To do this, you will first need to clean the ct12 data. Notice a few things:
- In `CT12`, the column is called `precinct`. In `CT16`, it is called `Precinct`.
- In `CT12`, see `ct3` and `CT-6`. You will want these to match the same names as `CT16`.

In [68]:
# Make your changes to ct12 here.

# First, rename your column.
# For a hint, see https://stackoverflow.com/questions/11346283/renaming-column-names-in-pandas
ct12 = ct12.rename(columns={'precinct': 'Precinct'})
# Second, fix ct3 and CT-6.
# You will need something like: data["name"]= data["name"].replace("Josh", "Joshua")
# You can read more at https://www.geeksforgeeks.org/python-pandas-series-str-replace-to-replace-text-in-a-series/
ct12['Precinct'] = ct12['Precinct'].replace('ct3', 'CT3')
ct12['Precinct'] = ct12['Precinct'].replace('CT-6', 'CT6')
# Check your work
ct12

Unnamed: 0,Precinct,Romney,Obama,romney_vote_share
0,CT1,82,167,0.329317
1,CT2,165,198,0.454545
2,CT3,154,88,0.636364
3,CT4,77,77,0.5
4,CT5,198,121,0.62069
5,CT6,165,176,0.483871
6,CT7,132,209,0.387097
7,CT8,198,132,0.6
8,CT9,165,187,0.46875
9,CT10,198,66,0.75


In [69]:
# Once CT12 Precinct matches CT16 Precinct, you can create a merged table.
# Note that the merge function comes form Pandas.
# Use this code.
merged_elections = merge(ct12, ct16, on='Precinct')

# Look at the ouput.
merged_elections

Unnamed: 0,Precinct,Romney,Obama,romney_vote_share,Trump,Clinton,trump_vote_share
0,CT1,82,167,0.329317,88,154,0.363636
1,CT2,165,198,0.454545,99,165,0.375
2,CT3,154,88,0.636364,165,165,0.5
3,CT4,77,77,0.5,132,121,0.521739
4,CT5,198,121,0.62069,165,110,0.6
5,CT6,165,176,0.483871,110,88,0.555556
6,CT7,132,209,0.387097,154,77,0.666667
7,CT8,198,132,0.6,77,121,0.388889
8,CT9,165,187,0.46875,165,154,0.517241
9,CT10,198,66,0.75,77,99,0.4375


In [70]:
# Create change_in_vote_share
merged_elections["change_in_vote_share"] = merged_elections["trump_vote_share"] - merged_elections["romney_vote_share"]

# Calculate the average (mean) of change in vote share
print(merged_elections.loc[:,"change_in_vote_share"].mean())

# Check your output
merged_elections

-0.030440577260069157


Unnamed: 0,Precinct,Romney,Obama,romney_vote_share,Trump,Clinton,trump_vote_share,change_in_vote_share
0,CT1,82,167,0.329317,88,154,0.363636,0.034319
1,CT2,165,198,0.454545,99,165,0.375,-0.079545
2,CT3,154,88,0.636364,165,165,0.5,-0.136364
3,CT4,77,77,0.5,132,121,0.521739,0.021739
4,CT5,198,121,0.62069,165,110,0.6,-0.02069
5,CT6,165,176,0.483871,110,88,0.555556,0.071685
6,CT7,132,209,0.387097,154,77,0.666667,0.27957
7,CT8,198,132,0.6,77,121,0.388889,-0.211111
8,CT9,165,187,0.46875,165,154,0.517241,0.048491
9,CT10,198,66,0.75,77,99,0.4375,-0.3125


# Congratulations!

You are done with the lab.
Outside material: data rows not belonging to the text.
(* Let $\mathcal{D}(\rho)=(1-p)\rho+\frac p3(X\rho X+Y\rho Y+Z\rho Z)$ and $\mathcal{E}(\rho)=(1-q)\rho+\frac q3(X\rho X+Y\rho Y+Z\rho Z)$ be depolarizing channels with $p,q\in[0,1]$. The entanglement-assisted classical communication capacity over a quantum trajectory is $$C_{\text{E,Q}}=2+H(\alpha)+\Big(1-p-q+\tfrac{4pq}{3}\Big)\log_2\Big(1-p-q+\tfrac{4pq}{3}\Big)+(p+q-2pq)\log_2\Big(\tfrac{p+q-2pq}{3}\Big)+\tfrac{2pq}{3}\log_2\tfrac{2pq}{9},$$ where $\alpha=1-\frac{2pq}{3}$ and $H(\alpha)=-\alpha\log_2\alpha-(1-\alpha)\log_2(1-\alpha)$.
   Context: $X,Y,Z$ are Pauli matrices, $\sigma_0=I,\sigma_1=X,\sigma_2=Y,\sigma_3=Z$, $|\pm\rangle=(|0\rangle\pm|1\rangle)/\sqrt2$, $0\log_2 0=0$. For a Pauli channel $\mathcal{N}(\rho)=\sum_i r_i\sigma_i\rho\sigma_i$, the entanglement-assisted classical capacity (superdense coding, pre-shared EPR pair, equiprobable inputs) is $C_E(\mathcal{N})=2+\sum_i r_i\log_2 r_i$. Quantum trajectory: given Kraus operators $\{D_i\}$ of $\mathcal{D}$ and $\{E_j\}$ of $\mathcal{E}$ (multiples of Pauli matrices), the switched channel on data $\rho$ and control $\omega=|+\rangle\langle+|$ is $\sum_{i,j}W_{i,j}(\rho\otimes\omega)W_{i,j}^\dagger$ with $W_{i,j}=E_jD_i\otimes|0\rangle\langle0|+D_iE_j\otimes|1\rangle\langle1|$. Its output has the form $p_+\mathcal{S}_+(\rho)\otimes|+\rangle\langle+|+p_-\mathcal{S}_-(\rho)\otimes|-\rangle\langle-|$ (commuting Kraus pairs go to the $|+\rangle$ branch, anticommuting pairs to the $|-\rangle$ branch), with $\mathcal{S}_\pm$ normalized Pauli channels; the capacity is defined as $C_{\text{E,Q}}=p_+C_E(\mathcal{S}_+)+p_-C_E(\mathcal{S}_-)$. *)

theory Defs
  imports "HOL-Analysis.Analysis"
begin
text \<open>Every s is beaten by undercutting: by (s + mu) / 2 if s < mu, and by mu / 2 otherwise.\<close>
lemma best_responses_to_undercut:
  assumes "0 < mu" "mu \<le> 50" "{0<..<mu} \<subseteq> A"
  shows "best_responses_to A mu = {}"
proof -
  have "\<exists>s' \<in> A. p1 s mu < p1 s' mu" if "s \<in> Strat" for s
  proof (cases "s < mu")
    case True
    define s' where "s' = (s + mu) / 2"
    have "0 < s" using that by (simp add: Strat_def)
    have "s < s'" "s' < mu" using True unfolding s'_def by auto
    with \<open>0 < s\<close> assms have "s' \<in> A" by auto
    moreover have "s * (100 - s) < s' * (100 - s')"
    proof -
      have "0 < (s' - s) * (100 - s - s')" using \<open>s < s'\<close> \<open>s' < mu\<close> True assms by simp
      then show ?thesis by (simp add: algebra_simps)
    qed
    ultimately show ?thesis using True \<open>s < s'\<close> \<open>s' < mu\<close> by (intro bexI[of _ s']) (simp_all add: p1_def)
  next
    case False
    have "mu / 2 \<in> A" using assms by auto
    moreover have "p1 s mu \<le> mu * (100 - mu) / 2"
      using False assms by (auto simp: p1_def)
    moreover have "p1 (mu / 2) mu = mu * (100 - mu) / 2 + mu * mu / 4"
      using assms by (simp add: p1_def field_simps)
    moreover have "0 < mu * mu" using assms by simp
    ultimately have "p1 s mu < p1 (mu / 2) mu" by linarith
    with \<open>mu / 2 \<in> A\<close> show ?thesis by blast
  qed
  then show ?thesis unfolding best_responses_to_def by (auto simp: not_le)
qed

lemma best_responses_to_Strat_above_50:
  assumes "50 < mu" "mu \<le> 100"
  shows "best_responses_to Strat mu = {50}"
proof -
  have p50: "p1 50 mu = 2500" using assms by (simp add: p1_def)
  have less: "p1 s mu < 2500" if "s \<in> Strat" "s \<noteq> 50" for s
  proof -
    have "0 < (s - 50)\<^sup>2" using \<open>s \<noteq> 50\<close> by simp
    then have "s * (100 - s) < 2500" by (simp add: power2_eq_square algebra_simps)
    with p1_le_profit[OF \<open>s \<in> Strat\<close>, of mu] show ?thesis by linarith
  qed
  have "(50::real) \<in> Strat" by (simp add: Strat_def)
  moreover from less p50 have "p1 s mu \<le> p1 50 mu" if "s \<in> Strat" for s
    using that by (cases "s = 50") (simp_all add: less_imp_le)
  ultimately show ?thesis
    unfolding best_responses_to_def using less p50 by fastforce
qed

lemma greaterThanLessThan_subset_Strat: "mu \<le> 100 \<Longrightarrow> {0<..<mu} \<subseteq> Strat"
  by (auto simp: Strat_def)

lemma best_responses_Strat_Strat: "best_responses Strat Strat = {50}"
proof -
  have "best_responses_to Strat mu = (if 50 < mu then {50} else {})" if "mu \<in> Strat" for mu
    using that best_responses_to_undercut[OF _ _ greaterThanLessThan_subset_Strat] best_responses_to_Strat_above_50[of mu]
    by (auto simp: Strat_def)
  moreover have "(100::real) \<in> Strat" by (simp add: Strat_def)
  ultimately show ?thesis
    unfolding best_responses_def by (auto split: if_splits intro!: bexI[of _ 100])
qed

lemma best_responses_Strat_50: "best_responses Strat {50} = {}"
  using best_responses_to_undercut[OF _ _ greaterThanLessThan_subset_Strat, of 50] by (simp add: best_responses_def)

lemma best_responses_half: "best_responses {0<..50} {0<..50} = {}"
proof -
  have "best_responses_to {0<..50} mu = {}" if "mu \<in> {0<..50}" for mu
    using that by (intro best_responses_to_undercut) auto
  then show ?thesis by (simp add: best_responses_def)
qed

lemma best_responses_50_50: "{49, 50} \<subseteq> best_responses {50} {50}"
  by (simp add: best_responses_def best_responses_to_def Strat_def p1_def)

lemma LR_Hg: "LR Hg = ({50}, {50})"
  by (simp add: LR_eq Hg_def best_responses_Strat_Strat)

lemma barop_LR_Hg: "barop LR Hg = ({50}, {50})"
  by (simp add: barop_def LR_Hg) (simp add: Hg_def Strat_def)

lemma barop_GR_Hg: "barop GR Hg = ({50}, {50})"
  by (simp add: barop_def GR_eq Hg_def best_responses_Strat_Strat) (simp add: Strat_def)

lemma barop_LR_50: "barop LR ({50}, {50}) = ({50}, {50})"
  using best_responses_50_50 by (auto simp: barop_def LR_eq)

lemma barop_GR_50: "barop GR ({50}, {50}) = ({}, {})"
  by (simp add: barop_def GR_eq best_responses_Strat_50)

lemma barop_LR_half: "barop LR ({0<..50}, {0<..50}) = ({}, {})"
  by (simp add: barop_def LR_eq best_responses_half)

lemma barop_empty: "barop T ({}, {}) = ({}, {})"
  by (simp add: barop_def)

lemma Hg_neq: "Hg \<noteq> ({50}, {50})" "Hg \<noteq> ({0<..50}, {0<..50})"
proof -
  have "(100::real) \<in> fst Hg" "(100::real) \<notin> {50}" "(100::real) \<notin> {0<..50}"
    by (simp_all add: Hg_def Strat_def)
  then show "Hg \<noteq> ({50}, {50})" "Hg \<noteq> ({0<..50}, {0<..50})"
    by (metis fst_conv)+
qed

lemma Rrel_Hg: "Rrel Hg = ({0<..50}, {0<..50})"
  by (simp add: Rrel_def)

lemma Rrel_half: "Rrel ({0<..50}, {0<..50}) = ({}, {})"
  using Hg_neq by (simp add: Rrel_def barop_LR_half)

lemma Rrel_empty: "Rrel ({}, {}) = ({}, {})"
  by (simp add: Rrel_def barop_empty Hg_def Strat_def)

lemma iter_Rrel_cases:
  assumes "infinite (UNIV :: 'o::wellorder set)"
  shows "iter Hg Rrel (a :: 'o) \<in> {Hg, ({0<..50}, {0<..50}), ({}, {})}"
proof -
  have "(\<lambda>k. (Rrel ^^ k) Hg) ` {..2} = {Hg, ({0<..50}, {0<..50}), ({}, {})}"
    by (auto simp: numeral_2_eq_2 atMost_Suc Rrel_Hg Rrel_half)
  with iter_in_orbit_if_reaches_empty[OF assms, of Rrel 2 Hg] show ?thesis
    by (simp add: numeral_2_eq_2 Rrel_Hg Rrel_half Rrel_empty)
qed

lemma relaxation_refl: "relaxation t H0 T T"
  unfolding relaxation_def rle_def Let_def by simp

lemma relaxation_Rrel:
  assumes "infinite (UNIV :: 'o::wellorder set)"
  shows "relaxation TYPE('o) Hg Rrel (barop LR)"
  unfolding relaxation_def Let_def
proof
  fix a :: 'o
  let ?X = "iter Hg Rrel a"
  have "{0<..50} \<subseteq> Strat" by (auto simp: Strat_def)
  then have "rle (barop LR X) (Rrel X) \<and> (rle (barop LR X) X \<longrightarrow> rle (Rrel X) X)
      \<and> (Rrel X = X \<longrightarrow> barop LR X = X)" if "X \<in> {Hg, ({0<..50}, {0<..50}), ({}, {})}" for X
    using that Hg_neq
    by (auto simp: rle_def barop_LR_Hg barop_LR_half barop_empty Rrel_Hg Rrel_half Rrel_empty)
       (auto simp: Hg_def)
  from this[OF iter_Rrel_cases[OF assms]]
  show "rle (barop LR ?X) (Rrel ?X) \<and> (rle (barop LR ?X) ?X \<longrightarrow> rle (Rrel ?X) ?X)
      \<and> (Rrel ?X = ?X \<longrightarrow> barop LR ?X = ?X)" .
qed

lemma not_order_independent:
  assumes "relaxation t H0 R1 T" "outcome t H0 R1 X" "relaxation t H0 R2 T" "outcome t H0 R2 Y"
    and "X \<noteq> Y"
  shows "\<not> order_independent t H0 T"
  using assms unfolding order_independent_def by blast

theorem mainTheorem14:
  assumes "infinite (UNIV :: 'o::wellorder set)"
  shows "barop LR Hg = ({50}, {50}) \<and> barop LR ({50}, {50}) = ({50}, {50})
       \<and> outcome TYPE('o) Hg (barop LR) ({50}, {50})
       \<and> relaxation TYPE('o) Hg Rrel (barop LR) \<and> outcome TYPE('o) Hg Rrel ({}, {})
       \<and> \<not> order_independent TYPE('o) Hg (barop LR)
       \<and> barop GR Hg = ({50}, {50}) \<and> barop GR (barop GR Hg) = ({}, {})
       \<and> outcome TYPE('o) Hg (barop GR) ({}, {})
       \<and> LR Hg = ({50}, {50}) \<and> 49 \<in> fst (LR (LR Hg)) \<and> 49 \<in> snd (LR (LR Hg))
       \<and> \<not> rle (LR (LR Hg)) (LR Hg)"
proof -
  have outcome_LR: "outcome TYPE('o) Hg (barop LR) ({50}, {50})"
    using outcome_one_step[OF assms, of "barop LR" Hg] Hg_neq by (simp add: barop_LR_Hg barop_LR_50)
  have outcome_Rrel: "outcome TYPE('o) Hg Rrel ({}, {})"
    using outcome_two_steps[OF assms, of Rrel Hg] Hg_neq by (simp add: Rrel_Hg Rrel_half Rrel_empty)
  have outcome_GR: "outcome TYPE('o) Hg (barop GR) ({}, {})"
    using outcome_two_steps[OF assms, of "barop GR" Hg] Hg_neq
    by (simp add: barop_GR_Hg barop_GR_50 barop_empty)
  have "\<not> order_independent TYPE('o) Hg (barop LR)"
    using relaxation_refl outcome_LR relaxation_Rrel[OF assms] outcome_Rrel
    by (rule not_order_independent) simp
  moreover have "barop GR (barop GR Hg) = ({}, {})"
    by (simp add: barop_GR_Hg barop_GR_50)
  moreover have "LR (LR Hg) = (best_responses {50} {50}, best_responses {50} {50})"
    by (simp only: LR_Hg) (simp add: LR_eq)
  with best_responses_50_50 have "49 \<in> fst (LR (LR Hg))" "49 \<in> snd (LR (LR Hg))"
    by auto
  moreover from this have "\<not> rle (LR (LR Hg)) (LR Hg)"
    unfolding rle_def LR_Hg by auto
  ultimately show ?thesis
    using barop_LR_Hg barop_LR_50 outcome_LR relaxation_Rrel[OF assms] outcome_Rrel
      barop_GR_Hg outcome_GR LR_Hg
    by blast
qed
Before you finish and submit, please fill out this brief evaluation:

- I spent around 4 hours on this lab,.
- This lab was just about the right difficulty.

**To turn in your lab, you will need to submit a PDF through Canvas.** Make sure there are no errors in the code when you submit your lab. Otherwise, you will not be able to run the full code needed to submit your full lab.